* PROBLEM REQUIREMENTS: Every line with "obtains" in it must be copied from the data.

* RECORD EXCERPTS:

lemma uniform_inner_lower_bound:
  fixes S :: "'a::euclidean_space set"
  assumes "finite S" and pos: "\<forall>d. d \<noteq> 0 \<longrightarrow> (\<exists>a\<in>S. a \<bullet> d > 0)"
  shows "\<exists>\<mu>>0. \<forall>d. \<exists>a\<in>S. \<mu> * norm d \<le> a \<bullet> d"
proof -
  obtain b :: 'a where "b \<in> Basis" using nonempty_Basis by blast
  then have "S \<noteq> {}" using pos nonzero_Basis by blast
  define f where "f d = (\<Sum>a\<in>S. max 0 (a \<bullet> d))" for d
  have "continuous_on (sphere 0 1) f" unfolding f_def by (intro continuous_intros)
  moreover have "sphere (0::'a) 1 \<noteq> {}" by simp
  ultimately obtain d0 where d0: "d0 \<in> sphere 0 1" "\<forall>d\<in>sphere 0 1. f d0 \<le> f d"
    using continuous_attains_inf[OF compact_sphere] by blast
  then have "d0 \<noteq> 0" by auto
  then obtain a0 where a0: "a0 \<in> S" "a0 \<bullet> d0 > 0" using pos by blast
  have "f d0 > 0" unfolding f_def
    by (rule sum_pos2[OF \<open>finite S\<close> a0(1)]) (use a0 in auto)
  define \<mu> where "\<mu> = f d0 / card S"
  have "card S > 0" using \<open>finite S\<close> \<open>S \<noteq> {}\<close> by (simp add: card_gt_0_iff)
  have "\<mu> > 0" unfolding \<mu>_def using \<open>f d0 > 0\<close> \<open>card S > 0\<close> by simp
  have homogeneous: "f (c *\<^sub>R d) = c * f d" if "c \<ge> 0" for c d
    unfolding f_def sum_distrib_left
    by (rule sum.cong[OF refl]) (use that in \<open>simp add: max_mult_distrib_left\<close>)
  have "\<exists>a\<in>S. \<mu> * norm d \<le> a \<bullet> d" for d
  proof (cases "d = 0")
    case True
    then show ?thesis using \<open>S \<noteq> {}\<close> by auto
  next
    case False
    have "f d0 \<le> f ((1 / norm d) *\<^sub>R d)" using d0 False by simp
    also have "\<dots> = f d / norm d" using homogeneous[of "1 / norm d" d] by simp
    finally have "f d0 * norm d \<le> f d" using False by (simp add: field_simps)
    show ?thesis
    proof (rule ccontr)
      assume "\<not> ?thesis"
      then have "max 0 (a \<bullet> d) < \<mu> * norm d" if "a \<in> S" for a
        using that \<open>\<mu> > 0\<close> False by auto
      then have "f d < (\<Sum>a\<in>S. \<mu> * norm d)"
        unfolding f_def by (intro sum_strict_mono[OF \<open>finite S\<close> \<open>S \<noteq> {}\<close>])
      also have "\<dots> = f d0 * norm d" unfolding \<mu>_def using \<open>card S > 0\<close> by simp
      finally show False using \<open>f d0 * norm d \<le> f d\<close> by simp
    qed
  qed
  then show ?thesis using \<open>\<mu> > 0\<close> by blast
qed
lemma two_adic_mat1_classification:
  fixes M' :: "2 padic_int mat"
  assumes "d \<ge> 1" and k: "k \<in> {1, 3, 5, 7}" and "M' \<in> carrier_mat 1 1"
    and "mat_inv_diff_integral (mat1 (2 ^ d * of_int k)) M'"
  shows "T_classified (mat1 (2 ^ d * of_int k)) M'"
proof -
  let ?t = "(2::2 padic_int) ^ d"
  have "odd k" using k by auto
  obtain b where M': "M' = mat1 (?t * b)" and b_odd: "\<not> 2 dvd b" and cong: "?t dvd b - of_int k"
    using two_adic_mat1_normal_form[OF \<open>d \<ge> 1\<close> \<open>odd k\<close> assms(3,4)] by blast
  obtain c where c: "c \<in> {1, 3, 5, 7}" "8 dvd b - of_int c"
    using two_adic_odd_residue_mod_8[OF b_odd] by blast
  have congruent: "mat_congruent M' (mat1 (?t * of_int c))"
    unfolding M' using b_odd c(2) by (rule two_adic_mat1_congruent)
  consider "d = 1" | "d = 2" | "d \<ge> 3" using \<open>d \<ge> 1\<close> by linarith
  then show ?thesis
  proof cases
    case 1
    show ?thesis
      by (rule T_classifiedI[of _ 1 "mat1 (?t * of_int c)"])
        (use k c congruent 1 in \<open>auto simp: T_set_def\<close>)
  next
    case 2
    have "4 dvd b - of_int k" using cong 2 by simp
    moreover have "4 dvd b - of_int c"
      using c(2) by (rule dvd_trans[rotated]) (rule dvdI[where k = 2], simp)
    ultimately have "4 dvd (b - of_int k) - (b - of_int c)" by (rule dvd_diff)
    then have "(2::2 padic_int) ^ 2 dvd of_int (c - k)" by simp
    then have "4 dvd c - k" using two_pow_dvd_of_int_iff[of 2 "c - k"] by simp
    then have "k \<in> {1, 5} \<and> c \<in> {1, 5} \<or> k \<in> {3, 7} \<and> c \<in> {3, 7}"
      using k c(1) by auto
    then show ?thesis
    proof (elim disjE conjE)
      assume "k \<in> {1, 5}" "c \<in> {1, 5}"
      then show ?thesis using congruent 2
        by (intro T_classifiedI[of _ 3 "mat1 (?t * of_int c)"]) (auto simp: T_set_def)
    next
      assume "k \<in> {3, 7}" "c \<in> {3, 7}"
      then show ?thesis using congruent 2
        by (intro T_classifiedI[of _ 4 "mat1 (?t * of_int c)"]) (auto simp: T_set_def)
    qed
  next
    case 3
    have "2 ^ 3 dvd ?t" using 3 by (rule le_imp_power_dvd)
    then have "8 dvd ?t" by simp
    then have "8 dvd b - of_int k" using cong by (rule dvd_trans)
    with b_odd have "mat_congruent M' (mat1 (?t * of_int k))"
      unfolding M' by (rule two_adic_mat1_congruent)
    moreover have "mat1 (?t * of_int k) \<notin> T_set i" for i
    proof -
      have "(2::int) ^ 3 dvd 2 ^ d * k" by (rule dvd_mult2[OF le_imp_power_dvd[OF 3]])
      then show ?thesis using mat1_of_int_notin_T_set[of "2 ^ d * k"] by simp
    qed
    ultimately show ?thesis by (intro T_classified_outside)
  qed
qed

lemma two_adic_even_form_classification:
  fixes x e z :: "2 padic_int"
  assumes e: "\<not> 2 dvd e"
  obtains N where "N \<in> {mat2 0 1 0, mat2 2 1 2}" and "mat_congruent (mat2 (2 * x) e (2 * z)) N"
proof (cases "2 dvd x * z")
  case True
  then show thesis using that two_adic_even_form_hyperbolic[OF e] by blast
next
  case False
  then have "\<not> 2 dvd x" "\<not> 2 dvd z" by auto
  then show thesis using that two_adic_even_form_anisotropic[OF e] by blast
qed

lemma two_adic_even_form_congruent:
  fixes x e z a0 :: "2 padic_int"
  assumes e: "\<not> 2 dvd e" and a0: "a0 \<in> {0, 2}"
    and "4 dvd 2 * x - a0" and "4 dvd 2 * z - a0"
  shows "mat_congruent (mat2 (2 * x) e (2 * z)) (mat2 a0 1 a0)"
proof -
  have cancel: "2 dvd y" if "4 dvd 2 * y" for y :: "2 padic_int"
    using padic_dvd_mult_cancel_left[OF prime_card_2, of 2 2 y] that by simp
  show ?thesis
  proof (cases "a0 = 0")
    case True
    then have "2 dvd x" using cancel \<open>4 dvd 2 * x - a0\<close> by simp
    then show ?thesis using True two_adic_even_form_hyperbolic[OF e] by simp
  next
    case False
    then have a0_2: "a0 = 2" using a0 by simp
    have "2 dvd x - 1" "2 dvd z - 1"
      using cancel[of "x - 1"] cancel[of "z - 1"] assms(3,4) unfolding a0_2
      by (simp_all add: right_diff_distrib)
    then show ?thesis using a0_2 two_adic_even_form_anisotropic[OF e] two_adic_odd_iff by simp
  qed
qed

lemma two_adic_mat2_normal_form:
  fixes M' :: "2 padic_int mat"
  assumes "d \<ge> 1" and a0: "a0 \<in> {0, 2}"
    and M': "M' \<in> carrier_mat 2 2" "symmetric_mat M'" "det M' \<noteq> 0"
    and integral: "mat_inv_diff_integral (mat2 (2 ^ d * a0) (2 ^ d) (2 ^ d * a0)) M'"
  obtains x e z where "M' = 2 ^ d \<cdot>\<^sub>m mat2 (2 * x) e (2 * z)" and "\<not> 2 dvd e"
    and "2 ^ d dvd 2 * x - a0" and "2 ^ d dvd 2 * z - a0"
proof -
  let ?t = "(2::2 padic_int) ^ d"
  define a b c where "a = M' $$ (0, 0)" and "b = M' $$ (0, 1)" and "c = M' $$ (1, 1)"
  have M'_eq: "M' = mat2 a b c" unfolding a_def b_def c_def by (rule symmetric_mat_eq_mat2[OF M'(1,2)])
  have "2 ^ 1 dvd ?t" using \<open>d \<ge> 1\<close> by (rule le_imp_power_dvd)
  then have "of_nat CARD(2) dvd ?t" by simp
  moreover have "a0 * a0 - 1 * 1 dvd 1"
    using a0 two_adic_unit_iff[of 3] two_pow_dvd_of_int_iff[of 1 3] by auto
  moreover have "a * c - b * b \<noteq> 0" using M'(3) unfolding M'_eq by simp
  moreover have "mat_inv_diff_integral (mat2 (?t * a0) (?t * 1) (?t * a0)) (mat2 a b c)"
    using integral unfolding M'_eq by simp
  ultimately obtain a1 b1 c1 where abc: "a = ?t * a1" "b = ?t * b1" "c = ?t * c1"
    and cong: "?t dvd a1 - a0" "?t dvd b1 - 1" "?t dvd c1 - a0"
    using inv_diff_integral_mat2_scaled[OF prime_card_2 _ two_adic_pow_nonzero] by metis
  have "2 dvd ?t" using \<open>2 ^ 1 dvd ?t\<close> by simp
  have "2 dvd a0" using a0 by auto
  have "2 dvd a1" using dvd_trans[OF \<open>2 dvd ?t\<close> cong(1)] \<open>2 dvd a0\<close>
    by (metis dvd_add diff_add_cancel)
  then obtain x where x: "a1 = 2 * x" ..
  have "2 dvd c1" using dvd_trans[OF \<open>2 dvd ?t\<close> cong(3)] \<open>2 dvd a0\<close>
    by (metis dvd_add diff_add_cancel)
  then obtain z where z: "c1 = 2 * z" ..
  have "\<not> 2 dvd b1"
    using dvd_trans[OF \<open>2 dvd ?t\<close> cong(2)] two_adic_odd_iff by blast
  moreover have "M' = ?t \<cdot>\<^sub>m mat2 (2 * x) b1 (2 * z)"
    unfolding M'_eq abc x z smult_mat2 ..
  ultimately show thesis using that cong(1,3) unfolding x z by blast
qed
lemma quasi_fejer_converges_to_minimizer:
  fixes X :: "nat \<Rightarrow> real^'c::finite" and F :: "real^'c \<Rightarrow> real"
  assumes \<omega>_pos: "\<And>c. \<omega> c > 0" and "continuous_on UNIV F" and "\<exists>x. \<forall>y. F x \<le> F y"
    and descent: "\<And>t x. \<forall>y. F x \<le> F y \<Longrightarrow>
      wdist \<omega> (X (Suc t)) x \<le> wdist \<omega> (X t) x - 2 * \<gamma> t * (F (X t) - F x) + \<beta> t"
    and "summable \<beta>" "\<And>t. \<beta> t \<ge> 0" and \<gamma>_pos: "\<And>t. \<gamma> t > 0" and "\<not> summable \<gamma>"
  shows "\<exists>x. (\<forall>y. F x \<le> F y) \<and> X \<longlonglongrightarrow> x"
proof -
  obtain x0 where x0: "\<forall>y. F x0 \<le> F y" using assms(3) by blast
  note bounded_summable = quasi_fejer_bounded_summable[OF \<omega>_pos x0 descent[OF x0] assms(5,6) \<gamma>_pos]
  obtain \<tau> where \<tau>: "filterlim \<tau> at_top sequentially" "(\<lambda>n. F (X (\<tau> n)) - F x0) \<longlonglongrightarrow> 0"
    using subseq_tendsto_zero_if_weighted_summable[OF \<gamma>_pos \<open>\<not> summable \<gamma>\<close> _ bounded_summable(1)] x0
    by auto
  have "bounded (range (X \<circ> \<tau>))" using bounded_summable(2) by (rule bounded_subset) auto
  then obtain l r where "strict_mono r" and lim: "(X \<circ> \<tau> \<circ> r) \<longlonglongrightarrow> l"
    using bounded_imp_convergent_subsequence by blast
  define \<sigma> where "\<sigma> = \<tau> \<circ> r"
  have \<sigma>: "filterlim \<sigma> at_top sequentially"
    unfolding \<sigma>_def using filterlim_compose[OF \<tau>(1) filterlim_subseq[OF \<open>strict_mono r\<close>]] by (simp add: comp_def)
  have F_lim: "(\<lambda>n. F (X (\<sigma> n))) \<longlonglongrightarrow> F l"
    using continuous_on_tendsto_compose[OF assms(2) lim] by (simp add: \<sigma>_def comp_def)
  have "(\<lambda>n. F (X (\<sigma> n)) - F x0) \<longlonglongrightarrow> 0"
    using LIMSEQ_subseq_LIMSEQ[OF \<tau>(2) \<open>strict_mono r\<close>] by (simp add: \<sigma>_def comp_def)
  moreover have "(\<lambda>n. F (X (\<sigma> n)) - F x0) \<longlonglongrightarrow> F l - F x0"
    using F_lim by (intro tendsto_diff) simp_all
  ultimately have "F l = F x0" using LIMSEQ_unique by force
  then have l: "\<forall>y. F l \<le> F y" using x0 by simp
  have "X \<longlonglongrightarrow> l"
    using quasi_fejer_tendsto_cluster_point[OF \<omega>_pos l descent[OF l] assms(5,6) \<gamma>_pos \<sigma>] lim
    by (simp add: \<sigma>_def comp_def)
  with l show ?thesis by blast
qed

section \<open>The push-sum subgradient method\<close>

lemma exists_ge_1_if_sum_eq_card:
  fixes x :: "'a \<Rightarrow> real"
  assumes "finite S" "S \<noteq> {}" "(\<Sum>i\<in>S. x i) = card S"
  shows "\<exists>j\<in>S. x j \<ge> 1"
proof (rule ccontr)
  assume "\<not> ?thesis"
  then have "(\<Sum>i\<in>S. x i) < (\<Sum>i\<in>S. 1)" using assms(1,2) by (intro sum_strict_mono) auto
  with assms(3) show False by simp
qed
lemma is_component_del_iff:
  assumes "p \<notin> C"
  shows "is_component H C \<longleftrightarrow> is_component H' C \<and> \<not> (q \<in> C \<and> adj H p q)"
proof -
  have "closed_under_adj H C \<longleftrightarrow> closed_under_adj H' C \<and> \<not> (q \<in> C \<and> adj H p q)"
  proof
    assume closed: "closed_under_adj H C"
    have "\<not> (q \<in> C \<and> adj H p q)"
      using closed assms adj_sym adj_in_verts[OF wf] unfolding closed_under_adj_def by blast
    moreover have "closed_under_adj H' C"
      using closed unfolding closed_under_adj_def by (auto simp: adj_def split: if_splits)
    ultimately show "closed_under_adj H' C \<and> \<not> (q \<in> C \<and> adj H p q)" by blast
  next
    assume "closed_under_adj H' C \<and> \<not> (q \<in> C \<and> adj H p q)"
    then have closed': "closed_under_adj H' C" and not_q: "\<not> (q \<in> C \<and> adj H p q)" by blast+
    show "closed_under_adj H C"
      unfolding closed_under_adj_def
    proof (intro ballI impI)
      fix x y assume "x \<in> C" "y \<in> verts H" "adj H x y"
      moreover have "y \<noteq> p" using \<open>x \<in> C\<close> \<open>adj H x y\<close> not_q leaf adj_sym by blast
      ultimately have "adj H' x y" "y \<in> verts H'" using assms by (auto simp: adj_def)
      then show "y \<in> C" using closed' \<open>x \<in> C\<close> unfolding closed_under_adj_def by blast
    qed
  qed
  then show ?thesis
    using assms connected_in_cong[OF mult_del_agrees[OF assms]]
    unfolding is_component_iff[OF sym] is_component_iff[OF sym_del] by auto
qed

* EXERCISE RESULT:
  obtains N where "N \<in> {mat2 0 1 0, mat2 2 1 2}" and "mat_congruent (mat2 (2 * x) e (2 * z)) N"
  obtains x e z where "M' = 2 ^ d \<cdot>\<^sub>m mat2 (2 * x) e (2 * z)" and "\<not> 2 dvd e"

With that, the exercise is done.